Here’s how the company did compared with Wall Street estimates, based on a survey of analysts by LSEG:
Loss per share: 6 cents adjusted vs. a loss of 5 cents expected
Revenue: $128 million vs. $128.1 million expected
While third-quarter results showed a slight disappointment on the top and bottom lines, Marqeta’s forecast for the current period was more concerning.
The payment processing firm said revenue in the fourth quarter will increase 10% to 12% from a year earlier.
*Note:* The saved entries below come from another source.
(* Let $F$ satisfy the standing assumptions below, $\beta\in(0,1)$, $D>0$, $\mu\ge0$, and run the general conversion scheme below with any online learner and any choices of $\mathbf{x}_t$. Let $\mathbf{u}_t:=-D\frac{\sum_{s=1}^t\beta^{t-s}\nabla F(\mathbf{y}_s)}{\|\sum_{s=1}^t\beta^{t-s}\nabla F(\mathbf{y}_s)\|}$, and for $t\in[T]$ let $\mathbf{Y}_t$ equal $\mathbf{y}_s$ with probability $q_{t,s}:=\beta^{t-s}\frac{1-\beta}{1-\beta^t}$ ($s=1,\dots,t$). Then for every $n\in[T]$, $$\mathbb{E}\sum_{t=1}^n\beta^{n-t}\big(F(\mathbf{w}_t)-F(\mathbf{x}_t)\big)\le-D\frac{1-\beta^n}{1-\beta}\,\mathbb{E}\|\mathbb{E}_{\mathbf{Y}_n}\nabla F(\mathbf{Y}_n)\|+\frac{\sigma D}{\sqrt{1-\beta}}+\mathbb{E}[\mathrm{Regret}^\beta_n(\mathbf{u}_n)]+\mathbb{E}\sum_{t=1}^n\beta^{n-t}\Big(-\frac\mu2\|\Delta_t\|^2+\frac\mu2D^2\Big),$$ where $\mathbb{E}_{\mathbf{Y}_n}\nabla F(\mathbf{Y}_n)=\sum_{s=1}^nq_{n,s}\nabla F(\mathbf{y}_s)$.
   Context: Norms are Euclidean. Standing assumptions: $F:\mathbb{R}^d\to\mathbb{R}$ differentiable; for all $\mathbf{x},\mathbf{w}$, $F(\mathbf{x})-F(\mathbf{w})=\int_0^1\langle\nabla F(\mathbf{w}+t(\mathbf{x}-\mathbf{w})),\mathbf{x}-\mathbf{w}\rangle\,dt$; $\|\nabla F\|\le G$ everywhere. The stochastic gradient oracle at $\mathbf{x}$ independently returns $\mathbf{g}$ with $\mathbb{E}\mathbf{g}=\nabla F(\mathbf{x})$, $\mathbb{E}\|\mathbf{g}-\nabla F(\mathbf{x})\|^2\le\sigma^2$. General conversion scheme: input $\mathbf{x}_0=\mathbf{w}_0$, $T$, $\mu\ge0$, online learner $\mathcal{A}$ (output $\Delta_t$ at round $t$ based on $\ell_1,\dots,\ell_{t-1}$). For $t=1,\dots,T$: receive $\Delta_t$; choose $\mathbf{x}_t$ arbitrarily (may depend on everything so far including $\Delta_t$, not on $s_t,\mathbf{g}_t$ or later randomness); $\mathbf{w}_t=\mathbf{x}_t+\Delta_t$; $\mathbf{y}_t=\mathbf{x}_t+s_t\Delta_t$, $s_t\sim\mathrm{Unif}[0,1]$ i.i.d.; $\mathbf{g}_t$ = oracle output at $\mathbf{y}_t$; send $\ell_t(\mathbf{v})=\langle\mathbf{g}_t,\mathbf{v}\rangle+\frac\mu2\|\mathbf{v}\|^2$ to $\mathcal{A}$. $\mathrm{Regret}^\beta_n(\mathbf{u}) := \sum_{t=1}^n\beta^{n-t}(\ell_t(\Delta_t)-\ell_t(\mathbf{u}))$. *)

theory Defs
  imports "HOL-Probability.Probability"
begin

text \<open>The randomness of round t is the
  seed pair omega t = (s_t, xi_t): s_t is the uniform scalar, xi_t is the seed fed to the
  stochastic oracle Orc (so the oracle output at y is Orc y xi_t). The learner A maps the list
  of losses [l_1,...,l_(t-1)] to Delta_t; X t omega is the (arbitrary) choice of x_t.\<close>

fun conv_losses ::
  "(('a::euclidean_space \<Rightarrow> real) list \<Rightarrow> 'a) \<Rightarrow> (nat \<Rightarrow> (nat \<Rightarrow> real \<times> 'b) \<Rightarrow> 'a)
   \<Rightarrow> ('a \<Rightarrow> 'b \<Rightarrow> 'a) \<Rightarrow> real \<Rightarrow> nat \<Rightarrow> (nat \<Rightarrow> real \<times> 'b) \<Rightarrow> ('a \<Rightarrow> real) list" where
  "conv_losses A X Orc \<mu> 0 \<omega> = []"
| "conv_losses A X Orc \<mu> (Suc n) \<omega> =
     (let L = conv_losses A X Orc \<mu> n \<omega>;
          \<Delta> = A L;
          y = X (Suc n) \<omega> + fst (\<omega> (Suc n)) *\<^sub>R \<Delta>;
          g = Orc y (snd (\<omega> (Suc n)))
      in L @ [\<lambda>v. g \<bullet> v + \<mu> / 2 * (norm v)\<^sup>2])"

definition conv_Delta where
  "conv_Delta A X Orc \<mu> t \<omega> = A (conv_losses A X Orc \<mu> (t - 1) \<omega>)"

definition conv_w where
  "conv_w A X Orc \<mu> t \<omega> = X t \<omega> + conv_Delta A X Orc \<mu> t \<omega>"

definition conv_y where
  "conv_y A X Orc \<mu> t \<omega> = X t \<omega> + fst (\<omega> t) *\<^sub>R conv_Delta A X Orc \<mu> t \<omega>"

definition conv_g where
  "conv_g A X Orc \<mu> t \<omega> = Orc (conv_y A X Orc \<mu> t \<omega>) (snd (\<omega> t))"

definition conv_loss where
  "conv_loss A X Orc \<mu> t \<omega> v = conv_g A X Orc \<mu> t \<omega> \<bullet> v + \<mu> / 2 * (norm v)\<^sup>2"

definition regret_beta :: "real \<Rightarrow> nat \<Rightarrow> (nat \<Rightarrow> 'a \<Rightarrow> real) \<Rightarrow> (nat \<Rightarrow> 'a) \<Rightarrow> 'a \<Rightarrow> real" where
  "regret_beta \<beta> n loss \<Delta> u = (\<Sum>t=1..n. \<beta> ^ (n - t) * (loss t (\<Delta> t) - loss t u))"

definition qw :: "real \<Rightarrow> nat \<Rightarrow> nat \<Rightarrow> real" where
  "qw \<beta> t s = \<beta> ^ (t - s) * (1 - \<beta>) / (1 - \<beta> ^ t)"

end

theory Submission
  imports Defs
begin

(*
  Write z_t = g_t - grad F(y_t) for the oracle noise. Given all rounds but t, the draw s_t is
  uniform while x_t and Delta_t are fixed, so the fundamental theorem of calculus along
  [x_t, w_t] gives E[F(w_t) - F(x_t)] = E<grad F(y_t), Delta_t>; averaging over the fresh oracle
  seed of round t alone kills z_t, so this also equals E<g_t, Delta_t>. Pointwise, the
  discounted sum of <g_t, Delta_t> is the discounted regret against u_n plus
  <sum beta^(n-t) g_t, u_n> plus the mu-terms, and for S = sum beta^(n-t) grad F(y_t) the choice
  u_n = -D S/|S| gives <sum beta^(n-t) g_t, u_n> <= -D |S| + D |sum beta^(n-t) z_t|. Noises of
  different rounds are orthogonal in L^2, so E |sum beta^(n-t) z_t| is at most
  sigma (sum beta^(2(n-t)))^(1/2) <= sigma / sqrt(1 - beta). Finally |S| is (1 - beta^n)/(1 - beta)
  times the norm of the q_{n,s}-average of the gradients.
*)

lemma power2_norm_add_le:
  fixes x y :: "'a::real_normed_vector"
  shows "(norm (x + y))\<^sup>2 \<le> 2 * (norm x)\<^sup>2 + 2 * (norm y)\<^sup>2"
proof -
  have "(norm (x + y))\<^sup>2 \<le> (norm x + norm y)\<^sup>2"
    by (simp add: norm_triangle_ineq power_mono)
  also have "\<dots> \<le> 2 * (norm x)\<^sup>2 + 2 * (norm y)\<^sup>2"
    using sum_squares_bound[of "norm x" "norm y"] by (simp add: power2_sum)
  finally show ?thesis .
qed

lemma norm_scaleR_normalize_le:
  fixes S :: "'a::real_normed_vector"
  assumes "0 \<le> D"
  shows "norm (- (D / norm S) *\<^sub>R S) \<le> D"
  using assms by (cases "S = 0") auto

lemma inner_scaleR_normalize_le:
  fixes S E :: "'a::real_inner"
  assumes "0 \<le> D"
  shows "(S + E) \<bullet> (- (D / norm S) *\<^sub>R S) \<le> - D * norm S + D * norm E"
proof -
  let ?u = "- (D / norm S) *\<^sub>R S"
  have "S \<bullet> ?u = - D * norm S"
    by (cases "S = 0") (auto simp: power2_norm_eq_inner[symmetric] power2_eq_square)
  moreover have "E \<bullet> ?u \<le> norm E * norm ?u"
    by (rule norm_cauchy_schwarz)
  moreover have "norm E * norm ?u \<le> norm E * D"
    using assms by (intro mult_left_mono norm_scaleR_normalize_le) auto
  ultimately show ?thesis
    by (simp only: inner_add_left) (simp add: mult.commute)
qed

definition square_integrable :: "'m measure \<Rightarrow> ('m \<Rightarrow> 'a::euclidean_space) \<Rightarrow> bool" where
  "square_integrable M f \<longleftrightarrow> f \<in> borel_measurable M \<and> integrable M (\<lambda>x. (norm (f x))\<^sup>2)"

lemma square_integrable_add:
  assumes "square_integrable M f" "square_integrable M g"
  shows "square_integrable M (\<lambda>x. f x + g x)"
proof -
  have int: "integrable M (\<lambda>x. 2 * (norm (f x))\<^sup>2 + 2 * (norm (g x))\<^sup>2)"
    using assms unfolding square_integrable_def by auto
  have "norm ((norm (f x + g x))\<^sup>2) \<le> norm (2 * (norm (f x))\<^sup>2 + 2 * (norm (g x))\<^sup>2)" for x
    using power2_norm_add_le[of "f x" "g x"] by simp
  then show ?thesis
    using assms unfolding square_integrable_def
    by (auto intro!: Bochner_Integration.integrable_bound[OF int])
qed

lemma square_integrable_scaleR:
  "square_integrable M f \<Longrightarrow> square_integrable M (\<lambda>x. c *\<^sub>R f x)"
  unfolding square_integrable_def by (auto simp: power_mult_distrib)

lemma square_integrable_sum:
  "(\<And>i. i \<in> I \<Longrightarrow> square_integrable M (f i)) \<Longrightarrow> square_integrable M (\<lambda>x. \<Sum>i\<in>I. f i x)"
proof (induction I rule: infinite_finite_induct)
  case (insert i I)
  then show ?case using square_integrable_add[of M "f i" "\<lambda>x. \<Sum>i\<in>I. f i x"] by simp
qed (auto simp: square_integrable_def)

lemma square_integrable_bounded:
  assumes "finite_measure M" "f \<in> borel_measurable M" "\<And>x. x \<in> space M \<Longrightarrow> norm (f x) \<le> C"
  shows "square_integrable M f"
proof -
  interpret finite_measure M by fact
  have "integrable M (\<lambda>x. (norm (f x))\<^sup>2)"
    using assms by (intro integrable_const_bound[where B="C\<^sup>2"]) (auto intro!: AE_I2 power_mono)
  then show ?thesis using assms unfolding square_integrable_def by auto
qed

lemma integrable_inner_square_integrable:
  assumes "square_integrable M f" "square_integrable M g"
  shows "integrable M (\<lambda>x. f x \<bullet> g x)"
proof -
  have int: "integrable M (\<lambda>x. (norm (f x))\<^sup>2 + (norm (g x))\<^sup>2)"
    using assms unfolding square_integrable_def by auto
  have "norm (f x \<bullet> g x) \<le> norm ((norm (f x))\<^sup>2 + (norm (g x))\<^sup>2)" for x
  proof -
    have "norm (f x \<bullet> g x) \<le> norm (f x) * norm (g x)"
      by (simp add: Cauchy_Schwarz_ineq2)
    also have "\<dots> \<le> 2 * norm (f x) * norm (g x)"
      by simp
    also have "\<dots> \<le> (norm (f x))\<^sup>2 + (norm (g x))\<^sup>2"
      by (rule sum_squares_bound)
    finally show ?thesis
      by simp
  qed
  then show ?thesis
    using assms unfolding square_integrable_def
    by (auto intro!: Bochner_Integration.integrable_bound[OF int])
qed

lemma integrable_norm_square_integrable:
  assumes "finite_measure M" "square_integrable M f"
  shows "integrable M (\<lambda>x. norm (f x))"
proof -
  interpret finite_measure M by fact
  have int: "integrable M (\<lambda>x. 1 + (norm (f x))\<^sup>2)"
    using assms unfolding square_integrable_def by auto
  have "norm (norm (f x)) \<le> norm (1 + (norm (f x))\<^sup>2)" for x
  proof -
    have "norm (f x) \<le> 1 + (norm (f x))\<^sup>2"
      using sum_squares_bound[of "norm (f x)" 1] norm_ge_zero[of "f x"]
      by (simp only: mult_1_right one_power2)
    then show ?thesis
      by simp
  qed
  then show ?thesis
    using assms unfolding square_integrable_def
    by (auto intro!: Bochner_Integration.integrable_bound[OF int])
qed

lemma (in prob_space) integral_norm_le_sqrt_integral_power2:
  assumes "square_integrable M f"
  shows "(\<integral>x. norm (f x) \<partial>M) \<le> sqrt (\<integral>x. (norm (f x))\<^sup>2 \<partial>M)"
proof -
  have "0 \<le> variance (\<lambda>x. norm (f x))"
    by (rule variance_positive)
  also have "\<dots> = (\<integral>x. (norm (f x))\<^sup>2 \<partial>M) - (\<integral>x. norm (f x) \<partial>M)\<^sup>2"
    using assms
    by (intro variance_eq integrable_norm_square_integrable[OF finite_measure_axioms])
      (auto simp: square_integrable_def)
  finally show ?thesis
    by (intro real_le_rsqrt) simp
qed

lemma integral_norm_sum_orthogonal:
  assumes "finite I" "\<And>s. s \<in> I \<Longrightarrow> square_integrable M (Z s)"
    and orth: "\<And>s t. s \<in> I \<Longrightarrow> t \<in> I \<Longrightarrow> s \<noteq> t \<Longrightarrow> (\<integral>x. Z s x \<bullet> Z t x \<partial>M) = 0"
  shows "(\<integral>x. (norm (\<Sum>s\<in>I. Z s x))\<^sup>2 \<partial>M) = (\<Sum>s\<in>I. \<integral>x. (norm (Z s x))\<^sup>2 \<partial>M)"
proof -
  have int: "integrable M (\<lambda>x. Z s x \<bullet> Z t x)" if "s \<in> I" "t \<in> I" for s t
    using assms(2) that by (intro integrable_inner_square_integrable)
  have "(\<integral>x. (norm (\<Sum>s\<in>I. Z s x))\<^sup>2 \<partial>M) = (\<integral>x. (\<Sum>t\<in>I. \<Sum>s\<in>I. Z s x \<bullet> Z t x) \<partial>M)"
    by (simp add: power2_norm_eq_inner inner_sum_left inner_sum_right)
  also have "\<dots> = (\<Sum>t\<in>I. \<Sum>s\<in>I. \<integral>x. Z s x \<bullet> Z t x \<partial>M)"
    using int by (simp add: Bochner_Integration.integral_sum Bochner_Integration.integrable_sum)
  also have "\<dots> = (\<Sum>t\<in>I. \<integral>x. Z t x \<bullet> Z t x \<partial>M)"
    using orth \<open>finite I\<close> by (intro sum.cong refl) (simp add: sum.remove)
  finally show ?thesis
    by (simp add: power2_norm_eq_inner)
qed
Analysts were looking for growth of more than 17%, according to LSEG.
Marqeta, which primarily functions as a card-issuing platform, attributed the guidance miss to “heightened scrutiny of the banking environment and specific customer program changes.” The company has been struggling for a while, and its stock is now down more than 80% from its peak in 2021, the year it went public. The stock was down 15% for the year prior to the report.
Total processing volume of $74 billion was up more than 30% from a year earlier. Net revenue and gross profit were up 18% and 24%, respectively.
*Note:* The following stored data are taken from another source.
(* Let $\Gamma$ be a distance-regular graph with diameter $3$, $n$ vertices and eigenvalues $k>\theta_1>\theta_2>\theta_3$, and let $m_1$ be the multiplicity of $\theta_1$. If $n\geq \frac{(m_1+2)(m_1+1)}{2}$, then $q^2_{11}=0$ or $q^3_{11}=0$, and hence $\Gamma$ is $Q$-polynomial with respect to $\theta_1$.
   Context: A connected graph $\Gamma$ of diameter $D$ is distance-regular if there are integers $b_i,c_i$ ($0\le i\le D$) such that for any two vertices $x,y$ at distance $i$, exactly $c_i$ neighbours of $y$ are at distance $i-1$ from $x$ and exactly $b_i$ neighbours of $y$ are at distance $i+1$ from $x$. Its eigenvalues (of the adjacency matrix) are $k=\theta_0>\theta_1>\dots>\theta_D$. Let $E_i$ be the orthogonal projection onto the eigenspace of $\theta_i$ (so $E_0=\frac1nJ$). The Krein parameters $q^h_{ij}$ are defined by $E_i\circ E_j=\frac1n\sum_{h=0}^D q^h_{ij}E_h$, where $\circ$ is the entrywise product. $\Gamma$ is $Q$-polynomial with respect to $\theta_1$ if there is an ordering $E_0,E_1,F_2,\dots,F_D$ of the primitive idempotents, beginning with $E_0$ and the projection $E_1$ for $\theta_1$, such that in this ordering the Krein parameter $q^{h}_{1j}$ vanishes whenever the positions $j,h$ satisfy $|j-h|>1$. *)

theory Defs
  imports "HOL-Analysis.Analysis"
begin

definition simple_graph :: "('a \<Rightarrow> 'a \<Rightarrow> bool) \<Rightarrow> bool" where
  "simple_graph adj \<longleftrightarrow> (\<forall>x y. adj x y \<longrightarrow> adj y x) \<and> (\<forall>x. \<not> adj x x)"

definition walk_of_length :: "('a \<Rightarrow> 'a \<Rightarrow> bool) \<Rightarrow> nat \<Rightarrow> 'a \<Rightarrow> 'a \<Rightarrow> bool" where
  "walk_of_length adj d x y \<longleftrightarrow>
     (\<exists>p :: nat \<Rightarrow> 'a. p 0 = x \<and> p d = y \<and> (\<forall>i<d. adj (p i) (p (Suc i))))"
Marqeta’s digital commerce business sells payment technology designed to detect potential fraud and ensure that money is properly routed. It also issues customized physical cards that look like a credit or debit card that can be used for point-of-sale purchases.
The company has been trying to break into the buy now, pay later business with a recently launched product called Marqeta Flex. The service brings BNPL from lenders such as Affirm or Klarna to any credit card wherever Mastercard and Visa are accepted.
“It’s an orchestration layer, but it’s tied to issuing and processing and disputes and chargebacks,” CEO Simon Khalaf told CNBC at Money2020 in Las Vegas last week. “So it is not actually a Wild West in BNPL. It is actually very well established. And there is a reason why a lot of people are jumping to it.”